Günlük Geziler ve Turlar

Plzeň ve Pilsner Bira Fabrikası

Pilsner Bira FabrikasıBirçok insan için, Plzeň bira anlamına gelir. Eninde sonunda bu, kelimenin Alman formunda düşünülürse doğrudur. Pilsner Urquell ise birçok bira tutkunu için büyük stil birayı temsil eder. Bohemya’nın ikinci büyük şehrini ziyaret eden birçok turist bunu, onun anıtlarını ve kiliselerini görmek için yapar, ancak birçoğunun ise şehrin merkezinden kısa bir mesafe uzaklıktaki bira fabrikası için ziyaret ettiğini söylemek de yerinde olur.

Urquell’e kendi Çek markasını veren Plzeňský Prazdroj’un her bir etiketinde sembolü görünen, ünlü yenilenmiş geçidi görmemek ise imkânsızdır. Bira fabrikasındaki geziyi takip eden turistler, girişin hemen yanındaki Prazdroj restoranını, ziyaret edebilirler. Merkezi meydanın kuzey-doğusunda, Veleslavínova’daki Náměstí Republiky’de bulunan, ve şimdilerde Biracılık Müzesi olan antika tarihi bir sarı ev mevcuttur. Buranın ise ‘Na Parkánu’ adındaki kendine ait bir birahanesi mevcuttur.
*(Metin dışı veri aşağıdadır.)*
(* Let $d=2$, use polar coordinates $(r,\varphi)$ on $\mathbb{R}^2$, and let $V$ be a real-valued function on $B_1^c:=\{x\in\mathbb{R}^2:|x|>1\}$. For $u\in C_0^\infty(B_1^c)$ let $\psi(r,\varphi) := r^{-1/2}u(e^r,\varphi)$ for $r>0$. Then $$\int_{B_1^c}\overline{u}\,\big(-\Delta_{\mathbb{R}^2}u + Vu\big)\,dx = \int_0^\infty\!\!\int_0^{2\pi}\overline{\psi}\Big( -\frac1r\partial_r(r\partial_r\psi) - \partial_\varphi^2\psi + \frac{1}{4r^2}\psi + e^{2r}V(e^{r},\varphi)\psi \Big)\,r\,d\varphi\,dr,$$ i.e. $\langle u,(-\Delta+V)u\rangle_{L^2(B_1^c)} = \langle \psi, ( -\Delta_{\mathbb{R}^2} -(1 - r^{-2})\frac{d^2}{d\varphi^2} + \frac{1}{4r^2} + e^{2r}V(e^{r},\varphi) ) \psi \rangle_{L^2(\mathbb{R}^2)}$. Consequently, if $V(x) = -\frac{1}{4|x|^2(\ln |x|)^2} + W(x)$ with $W$ real-valued, then for all $u \in C_0^\infty(B_1^c)$ $$\Big\langle u, \Big( -\Delta_{\mathbb{R}^2} - \frac{1}{4r^2(\ln r)^2} + W \Big) u \Big\rangle_{L^2(B_1^c)} = \int_0^\infty\!\!\int_0^{2\pi}\overline{\psi}\Big( -\frac1r\partial_r(r\partial_r\psi) - \partial_\varphi^2\psi + e^{2r}W(e^{r},\varphi)\psi \Big)\,r\,d\varphi\,dr .$$
   Context: $\langle f,g\rangle=\int\bar f g$. In the right-hand side, $-\Delta_{\mathbb{R}^2}-(1-r^{-2})\frac{d^2}{d\varphi^2}$ equals $-\frac1r\partial_r r\partial_r - \partial_\varphi^2$ in polar coordinates. *)

theory Defs
  imports "HOL-Analysis.Analysis"
begin

text \<open>The plane R^2 is modelled by the type complex (x + i y); lborel on complex is
  two-dimensional Lebesgue measure. Functions are complex-valued.\<close>

definition pdx :: "(complex \<Rightarrow> complex) \<Rightarrow> complex \<Rightarrow> complex" where
  "pdx f z = vector_derivative (\<lambda>t::real. f (z + of_real t)) (at 0)"

definition pdy :: "(complex \<Rightarrow> complex) \<Rightarrow> complex \<Rightarrow> complex" where
  "pdy f z = vector_derivative (\<lambda>t::real. f (z + \<i> * of_real t)) (at 0)"
(* Let $X$ be a Tychonoff topological space which is hereditarily Lindelöf and is an $F_{\sigma\delta}$ space. Then $X$ is absolutely $F_{\sigma\delta}$.
   Context: A compactification of a Tychonoff space $X$ is a pair $(cX,\varphi)$ where $cX$ is a compact (Hausdorff) space and $\varphi$ is a homeomorphic embedding of $X$ onto a dense subspace of $cX$; we identify $X$ with $\varphi(X)$. $X$ is called an $F_{\sigma\delta}$ space if there exists a compactification $cX$ of $X$ such that $X$ is an $F_{\sigma\delta}$ subset of $cX$ (a countable intersection of countable unions of closed subsets of $cX$). $X$ is called absolutely $F_{\sigma\delta}$ if $X$ is an $F_{\sigma\delta}$ subset of $cX$ for every compactification $cX$ of $X$. *)

theory Defs
  imports "HOL-Analysis.Analysis"
begin

definition Tychonoff_space :: "'a topology \<Rightarrow> bool" where
  "Tychonoff_space X \<equiv> completely_regular_space X \<and> Hausdorff_space X"

definition hereditarily_Lindelof_space :: "'a topology \<Rightarrow> bool" where
  "hereditarily_Lindelof_space X \<equiv>
     (\<forall>S. S \<subseteq> topspace X \<longrightarrow> Lindelof_space (subtopology X S))"

definition fsigmadelta_in :: "'a topology \<Rightarrow> 'a set \<Rightarrow> bool" where
  "fsigmadelta_in X \<equiv> (countable intersection_of fsigma_in X) relative_to topspace X"

definition compactification :: "'a topology \<Rightarrow> 'b topology \<Rightarrow> ('a \<Rightarrow> 'b) \<Rightarrow> bool" where
  "compactification X cX \<phi> \<equiv>
     compact_space cX \<and> Hausdorff_space cX \<and> embedding_map X cX \<phi> \<and>
     cX closure_of (\<phi> ` topspace X) = topspace cX"

end

theory Submission
  imports Defs
begin

text \<open>Write \<open>X = K \<inter> (\<Inter>n. \<Union>m. F n m)\<close> in a compactification \<open>K\<close>, with closed \<open>F n m\<close>.
  Finite sequences \<open>l\<close> of indices cut \<open>X\<close> into closed cells, forming a countably branching
  tree. In another compactification \<open>L\<close>, hereditary Lindel\<ouml>fness separates the image of the
  complement of each cell from the closure of the image of the cell by an \<open>F\<^sub>\<sigma>\<close> set; together
  with the closures of the children of the cell these give countably many \<open>F\<^sub>\<sigma>\<close> sets
  whose intersection contains \<open>X\<close>. A point \<open>z\<close> of that intersection lies in the closures of
  all cells along some infinite branch. The branch determines a compact subset of \<open>X\<close>
  (its trace in \<open>K\<close> is closed and lies in \<open>X\<close>), and compactness of \<open>K\<close> shows that every
  neighbourhood of that compact set eventually contains the cells of the branch; since \<open>L\<close> is
  Hausdorff, \<open>z\<close> must lie in its image.\<close>

lemma embedding_map_imp_continuous_map:
  "embedding_map X K f \<Longrightarrow> continuous_map X K f"
  unfolding embedding_map_def
  using continuous_map_in_subtopology homeomorphic_imp_continuous_map by blast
Ancak Plzeň’in size sunabilecekleri biradan fazlasıdır. Eski kasaba ise büyük boyutta inşa edilmiştir ve kendisini daire içine almış endüstriyel şehirden ayıran büyük bulvarlarla çevrilmiştir. 1295’te Kral Václav tarafından inşa ettirilmiş olan ve 4 nehrin ortasında kalan şehrin bu bölgesi, kendi başarısı konusunda oldukça etkilidir. 17.yüzyılda 30 yıl kadar süren şiddetli bir savaş zamanı sonrasında, Plzeň, 19.yüzyılda, hem Skoda’nın silahlanması hem de sırasıyla 1842’de ve 1859’da kurulan bira fabrikaları zamanında, tekrar hızlı bir şekilde genişlemiştir. Bu genişleme ise, tren istasyonu ve gösterişli binalar da dâhil olmak üzere her biri yüzyılı aşkın eskilikteki büyük orandaki konutları ve çok sayıda meskeni açıklamaktadır.
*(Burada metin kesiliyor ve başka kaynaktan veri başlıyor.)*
(* Let $(S,\sqcup,\cap)$ be an ado-semilattice and define $a\curlyvee b=(a\sqcup b)\cap(b\sqcup a)$. Then for all $a,b,c,d\in S$: (1) $a\sqcup b=a\curlyvee(a\curlyvee b)$; (2) $\curlyvee$ is commutative and idempotent; (3) $(a\curlyvee b)\sqcup(a\sqcup b)=a\sqcup b$; (4) $a\sqcup(b\curlyvee c)=(a\sqcup b)\curlyvee(a\sqcup c)$; (5) if $d\lesssim a$, $d\lesssim b$, $d\lesssim c$, $d\lesssim a\curlyvee b$ and $d\lesssim b\curlyvee c$, then $d\lesssim a\curlyvee c$.
   Context: An o-semilattice is an algebra $(L,\cap,\sqcup)$ such that $(L,\cap)$ is a semilattice and, with $x\leq y$ iff $x=x\cap y$, for all $x,y,z$: (i) $x\leq x\sqcup y$; (ii) $(x\cap y)\sqcup(y\cap z)\leq y$; (iii) $x\sqcup y\leq x\sqcup(y\cap(x\sqcup y))$; (iv) $x\cap z\leq(x\cap y)\sqcup z$. It is distributive if $(a\cap d)\sqcup((b\cap d)\cap(c\cap d))=((a\cap d)\sqcup(b\cap d))\cap((a\cap d)\sqcup(c\cap d))$ for all $a,b,c,d$. An ado-semilattice is a distributive o-semilattice in which $\sqcup$ is associative. Here $x\lesssim y$ means $y\sqcup x=y$. *)

theory Defs
  imports Main
begin

definition is_semilattice :: "('a \<Rightarrow> 'a \<Rightarrow> 'a) \<Rightarrow> bool" where
  "is_semilattice m \<longleftrightarrow>
     (\<forall>x y z. m (m x y) z = m x (m y z)) \<and>
     (\<forall>x y. m x y = m y x) \<and>
     (\<forall>x. m x x = x)"

definition sl_le :: "('a \<Rightarrow> 'a \<Rightarrow> 'a) \<Rightarrow> 'a \<Rightarrow> 'a \<Rightarrow> bool" where
  "sl_le m x y \<longleftrightarrow> x = m x y"

definition o_semilattice :: "('a \<Rightarrow> 'a \<Rightarrow> 'a) \<Rightarrow> ('a \<Rightarrow> 'a \<Rightarrow> 'a) \<Rightarrow> bool" where
  "o_semilattice m j \<longleftrightarrow>
     is_semilattice m \<and>
     (\<forall>x y. sl_le m x (j x y)) \<and>
     (\<forall>x y z. sl_le m (j (m x y) (m y z)) y) \<and>
     (\<forall>x y. sl_le m (j x y) (j x (m y (j x y)))) \<and>
     (\<forall>x y z. sl_le m (m x z) (j (m x y) z))"

definition distributive_o :: "('a \<Rightarrow> 'a \<Rightarrow> 'a) \<Rightarrow> ('a \<Rightarrow> 'a \<Rightarrow> 'a) \<Rightarrow> bool" where
  "distributive_o m j \<longleftrightarrow>
     (\<forall>a b c d. j (m a d) (m (m b d) (m c d)) =
                m (j (m a d) (m b d)) (j (m a d) (m c d)))"

definition ado_semilattice :: "('a \<Rightarrow> 'a \<Rightarrow> 'a) \<Rightarrow> ('a \<Rightarrow> 'a \<Rightarrow> 'a) \<Rightarrow> bool" where
  "ado_semilattice m j \<longleftrightarrow>
     o_semilattice m j \<and> distributive_o m j \<and> (\<forall>x y z. j (j x y) z = j x (j y z))"

definition lsim :: "('a \<Rightarrow> 'a \<Rightarrow> 'a) \<Rightarrow> 'a \<Rightarrow> 'a \<Rightarrow> bool" where
  "lsim j x y \<longleftrightarrow> j y x = y"

definition curlyvee :: "('a \<Rightarrow> 'a \<Rightarrow> 'a) \<Rightarrow> ('a \<Rightarrow> 'a \<Rightarrow> 'a) \<Rightarrow> 'a \<Rightarrow> 'a \<Rightarrow> 'a" where
  "curlyvee m j a b = m (j a b) (j b a)"

end

(*
  In an ado-semilattice the join distributes over meets from the left (the distributivity axiom
  only does so below a common element d, but taking d = (x \<squnion> y) \<inter> (x \<squnion> z) suffices), and it is
  commutative on any two elements with a common upper bound. Hence a \<squnion> (a \<curlyvee> b) = a \<squnion> b =
  (a \<curlyvee> b) \<squnion> a, which is (1); (3) and (4) follow from distributivity and associativity. For (5)
  the key fact is that {x. d \<lesssim> x} is closed under meets of bounded pairs: applied to a, b and
  a \<curlyvee> b it gives d \<lesssim> a \<inter> b, likewise d \<lesssim> b \<inter> c, and a \<inter> b \<inter> c lies below a \<curlyvee> c.
*)
theory Submission
  imports Defs
begin

text \<open>The order x \<le> y iff x = x \<inter> y of the paper is the order of \<^locale>\<open>semilattice_order\<close>;
  the four assumptions are the axioms (i)--(iv) of an o-semilattice.\<close>

locale osemilattice = semilattice_order meet less_eq less
  for meet :: "'a \<Rightarrow> 'a \<Rightarrow> 'a" (infixl \<open>\<^bold>\<sqinter>\<close> 70)
    and less_eq :: "'a \<Rightarrow> 'a \<Rightarrow> bool" (infix \<open>\<preceq>\<close> 50)
    and less :: "'a \<Rightarrow> 'a \<Rightarrow> bool" (infix \<open>\<prec>\<close> 50) +
  fixes join :: "'a \<Rightarrow> 'a \<Rightarrow> 'a" (infixl \<open>\<^bold>\<squnion>\<close> 65)
  assumes join_upper1: "x \<preceq> x \<^bold>\<squnion> y"
    and join_meet_below: "(x \<^bold>\<sqinter> y) \<^bold>\<squnion> (y \<^bold>\<sqinter> z) \<preceq> y"
    and join_le_join_meet: "x \<^bold>\<squnion> y \<preceq> x \<^bold>\<squnion> (y \<^bold>\<sqinter> (x \<^bold>\<squnion> y))"
    and meet_le_join_meet: "x \<^bold>\<sqinter> z \<preceq> (x \<^bold>\<sqinter> y) \<^bold>\<squnion> z"
begin

abbreviation lsim_join :: "'a \<Rightarrow> 'a \<Rightarrow> bool" (infix \<open>\<lesssim>\<close> 50)
  where "x \<lesssim> y \<equiv> lsim (\<^bold>\<squnion>) x y"

abbreviation curlyvee_op :: "'a \<Rightarrow> 'a \<Rightarrow> 'a" (infixl \<open>\<curlyvee>\<close> 65)
  where "x \<curlyvee> y \<equiv> curlyvee (\<^bold>\<sqinter>) (\<^bold>\<squnion>) x y"

lemma meet_join_absorb [simp]: "x \<^bold>\<sqinter> (x \<^bold>\<squnion> y) = x"
  using join_upper1 by (rule absorb1)

lemma join_absorb1:
  assumes "y \<preceq> x"
  shows "x \<^bold>\<squnion> y = x"
proof (rule antisym)
  show "x \<^bold>\<squnion> y \<preceq> x"
    using join_meet_below [of x x y] assms by (simp add: absorb2)
qed (rule join_upper1)

lemma join_absorb2:
  assumes "x \<preceq> y"
  shows "x \<^bold>\<squnion> y = y"
proof (rule antisym)
  show "x \<^bold>\<squnion> y \<preceq> y"
    using join_meet_below [of x y y] assms by (simp add: absorb1)
  show "y \<preceq> x \<^bold>\<squnion> y"
    using meet_le_join_meet [of y y x] assms by (simp add: absorb2)
qed

lemma join_idem [simp]: "x \<^bold>\<squnion> x = x"
  by (rule join_absorb1) (rule refl)

lemma join_upper2_bounded:
  assumes "x \<preceq> w" and "y \<preceq> w"
  shows "y \<preceq> x \<^bold>\<squnion> y"
  using meet_le_join_meet [of w y x] assms by (simp add: absorb2)

lemma join_commute_bounded:
  assumes "x \<preceq> w" and "y \<preceq> w"
  shows "x \<^bold>\<squnion> y = y \<^bold>\<squnion> x"
proof -
  have "y \<^bold>\<squnion> x \<preceq> x \<^bold>\<squnion> y" if "x \<preceq> w" and "y \<preceq> w" for x y
    using join_meet_below [of y "x \<^bold>\<squnion> y" x] join_upper2_bounded [OF that]
    by (simp add: absorb1 absorb2 join_upper1)
  with assms show ?thesis
    by (blast intro: antisym)
qed

lemma join_meet_join [simp]: "x \<^bold>\<squnion> (y \<^bold>\<sqinter> (x \<^bold>\<squnion> y)) = x \<^bold>\<squnion> y"
proof (rule antisym)
  show "x \<^bold>\<squnion> (y \<^bold>\<sqinter> (x \<^bold>\<squnion> y)) \<preceq> x \<^bold>\<squnion> y"
    using join_meet_below [of x "x \<^bold>\<squnion> y" y] by (simp add: commute)
qed (rule join_le_join_meet)

lemma join_mono_right:
  assumes "y \<preceq> z"
  shows "x \<^bold>\<squnion> y \<preceq> x \<^bold>\<squnion> z"
proof -
  let ?s = "y \<^bold>\<sqinter> (x \<^bold>\<squnion> y)"
  have "?s \<preceq> (x \<^bold>\<squnion> y) \<^bold>\<sqinter> z"
    using assms by (simp add: coboundedI1)
  moreover have "(x \<^bold>\<squnion> y) \<^bold>\<sqinter> z \<preceq> x \<^bold>\<squnion> z"
    using meet_le_join_meet [of "x \<^bold>\<squnion> y" z x] by (simp add: commute)
  ultimately have "(x \<^bold>\<squnion> z) \<^bold>\<sqinter> ?s = ?s"
    by (blast intro: absorb2 trans)
  then show ?thesis
    using join_meet_below [of x "x \<^bold>\<squnion> z" ?s] by simp
qed

lemma curlyvee_commute: "a \<curlyvee> b = b \<curlyvee> a"
  by (simp add: curlyvee_def commute)

lemma curlyvee_idem: "a \<curlyvee> a = a"
  by (simp add: curlyvee_def)

lemma curlyvee_le_join: "a \<curlyvee> b \<preceq> a \<^bold>\<squnion> b"
  by (simp add: curlyvee_def)

end

locale distrib_osemilattice = osemilattice +
  assumes join_meet_distrib_below:
    "(a \<^bold>\<sqinter> d) \<^bold>\<squnion> ((b \<^bold>\<sqinter> d) \<^bold>\<sqinter> (c \<^bold>\<sqinter> d))
       = ((a \<^bold>\<sqinter> d) \<^bold>\<squnion> (b \<^bold>\<sqinter> d)) \<^bold>\<sqinter> ((a \<^bold>\<sqinter> d) \<^bold>\<squnion> (c \<^bold>\<sqinter> d))"
begin

lemma join_meet_eq_bounded:
  assumes "x \<preceq> v" and "v \<preceq> x \<^bold>\<squnion> y"
  shows "x \<^bold>\<squnion> (y \<^bold>\<sqinter> v) = v"
proof -
  let ?d = "x \<^bold>\<squnion> y"
  have "x \<^bold>\<squnion> (y \<^bold>\<sqinter> v) = x \<^bold>\<squnion> ((y \<^bold>\<sqinter> ?d) \<^bold>\<sqinter> v)"
    using assms(2) by (simp add: assoc absorb2)
  also have "\<dots> = (x \<^bold>\<squnion> (y \<^bold>\<sqinter> ?d)) \<^bold>\<sqinter> (x \<^bold>\<squnion> v)"
    using join_meet_distrib_below [of x ?d y v] assms(2) by (simp add: absorb1)
  also have "\<dots> = v"
    using assms by (simp add: join_absorb2 absorb2)
  finally show ?thesis .
qed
Náměstí Republiky’daki benzer nitelikteki evler ise, genellikle kalkanlı-duvarlı Barok tarzı ve Rönesans dönemi evlerinin, ve St.Bartholomew’deki yüce kilise’nin gölgesinde kalmaktadır. Gotik kireç taşı kilisenin önemi ise dikkatleri dağıtarak ziyaretçileri Bohemya’nın en büyük şehir plazası olduğu gerçeğinden uzaklaştırmaktadır.
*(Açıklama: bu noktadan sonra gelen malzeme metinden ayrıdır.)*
lemma square_integrable_scaleR_add:
  fixes u v :: "'a \<Rightarrow> 'b::{real_normed_vector, second_countable_topology}"
  assumes "u \<in> borel_measurable M" "v \<in> borel_measurable M"
    and "integrable M (\<lambda>x. (norm (u x))\<^sup>2)" "integrable M (\<lambda>x. (norm (v x))\<^sup>2)"
  shows "integrable M (\<lambda>x. (norm (a *\<^sub>R u x + b *\<^sub>R v x))\<^sup>2)"
proof -
  have bound: "(norm (a *\<^sub>R p + b *\<^sub>R q))\<^sup>2 \<le> 2 * a\<^sup>2 * (norm p)\<^sup>2 + 2 * b\<^sup>2 * (norm q)\<^sup>2" for p q :: 'b
  proof -
    have "norm (a *\<^sub>R p + b *\<^sub>R q) \<le> \<bar>a\<bar> * norm p + \<bar>b\<bar> * norm q"
      using norm_triangle_ineq[of "a *\<^sub>R p" "b *\<^sub>R q"] by simp
    then have "(norm (a *\<^sub>R p + b *\<^sub>R q))\<^sup>2 \<le> (\<bar>a\<bar> * norm p + \<bar>b\<bar> * norm q)\<^sup>2"
      by (rule power_mono) simp
    also have "\<dots> \<le> 2 * a\<^sup>2 * (norm p)\<^sup>2 + 2 * b\<^sup>2 * (norm q)\<^sup>2"
      using sum_squares_bound[of "\<bar>a\<bar> * norm p" "\<bar>b\<bar> * norm q"]
      unfolding power2_eq_square by (simp only: abs_mult_self_eq algebra_simps) linarith
    finally show ?thesis .
  qed
  have "integrable M (\<lambda>x. 2 * a\<^sup>2 * (norm (u x))\<^sup>2 + 2 * b\<^sup>2 * (norm (v x))\<^sup>2)"
    using assms(3,4) by (intro Bochner_Integration.integrable_add integrable_mult_right)
  moreover have "(\<lambda>x. (norm (a *\<^sub>R u x + b *\<^sub>R v x))\<^sup>2) \<in> borel_measurable M"
    using assms(1,2) by measurable
  ultimately show ?thesis
    by (rule Bochner_Integration.integrable_bound) (simp add: bound)
qed

section \<open>Mixtures of probability measures\<close>

definition mix_measure :: "real \<Rightarrow> 'a measure \<Rightarrow> 'a measure \<Rightarrow> 'a measure" where
  "mix_measure t A B = measure_pmf (bernoulli_pmf t) \<bind> (\<lambda>b. if b then B else A)"

lemma mix_measure_kernel:
  assumes "prob_space A" "prob_space B" "sets B = sets A"
  shows "(\<lambda>b. if b then B else A) \<in> measure_pmf (bernoulli_pmf t) \<rightarrow>\<^sub>M subprob_algebra A"
proof -
  have "(\<lambda>b. if b then B else A) \<in> count_space UNIV \<rightarrow>\<^sub>M subprob_algebra A"
    using assms by (auto simp: space_subprob_algebra prob_space_imp_subprob_space)
  then show ?thesis by (simp add: measurable_cong_sets)
qed

lemma sets_mix_measure:
  assumes "prob_space A" "prob_space B" "sets B = sets A"
  shows "sets (mix_measure t A B) = sets A"
  unfolding mix_measure_def by (rule sets_bind[where N=A]) (use assms in auto)

lemma prob_space_mix_measure:
  assumes "prob_space A" "prob_space B" "sets B = sets A"
  shows "prob_space (mix_measure t A B)"
  unfolding mix_measure_def
  by (rule prob_space.prob_space_bind[OF prob_space_measure_pmf _ mix_measure_kernel[OF assms]])
     (use assms in auto)

lemma nn_integral_mix_measure:
  assumes "prob_space A" "prob_space B" "sets B = sets A" "0 \<le> t" "t \<le> 1"
    and "f \<in> borel_measurable A"
  shows "(\<integral>\<^sup>+x. f x \<partial>mix_measure t A B) = ennreal t * (\<integral>\<^sup>+x. f x \<partial>B) + ennreal (1 - t) * (\<integral>\<^sup>+x. f x \<partial>A)"
  unfolding mix_measure_def
  by (subst nn_integral_bind[OF assms(6) mix_measure_kernel[OF assms(1-3)]])
     (use assms in \<open>simp add: mult.commute\<close>)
Çek cumhuriyetinin en yükseği olan yüz iki metre yüksekliğindeki (üç yüz otuz beş fit) çan kulesini de ölçekleyebilirsiniz. Bu kule; 1925’teki yıldırımda hasar gören ve asla tekrar tamir edilmeyen şehrin bambaşka bir kuledir. Kilisenin girişindeki mütevazılık ise, gösterişli mozaiklerinden değilse de, onun 14.yüzyıldan kalma oldukça etkileyici bir Meryem Ana adak taşından kaynaklanmaktadır.

Minibüs Prag – Plzeň. Online rahat minibüs rezervasyonu. İngilizce konuşan şoförler.

Plzeň

1686’da yapılan veba anıtı ise kilisenin kuzey kanadında (mükemmel bir Meryem ana çalışması olarak) konumlandırılmıştır, tıpkı Rönesans zamanının seramikli karanlık belediye binası gibi etkileyicidir.  Meydanın güneyinde bulunan Fransızların Manastırı ise, Barok stilli cephesine rağmen, harika Gotik girişlere sahiptir. Bunun arkasında buluna ve yeniden inşa edilen Batı Bohemya Müzesi ise, diğer tarihi sanat eserlerinin yanı sıra, çok sayıda 14. yüzyıl zırhlıları bulundurmaktadır. Meydanın batısında Prešovská’da ise turistler, 1998’de tamir görmüş ve Avrupa’nın en büyükleri arasında sayılan, Oryantal stilindeki devasa yapı olan Büyük Sinagog’a gidebilirler. Buna en yakın olarak, neoklasik “Tyl Tiyatrosu” Viyana’daki Ringstrasse‘de olsaydı yanlış durmazdı.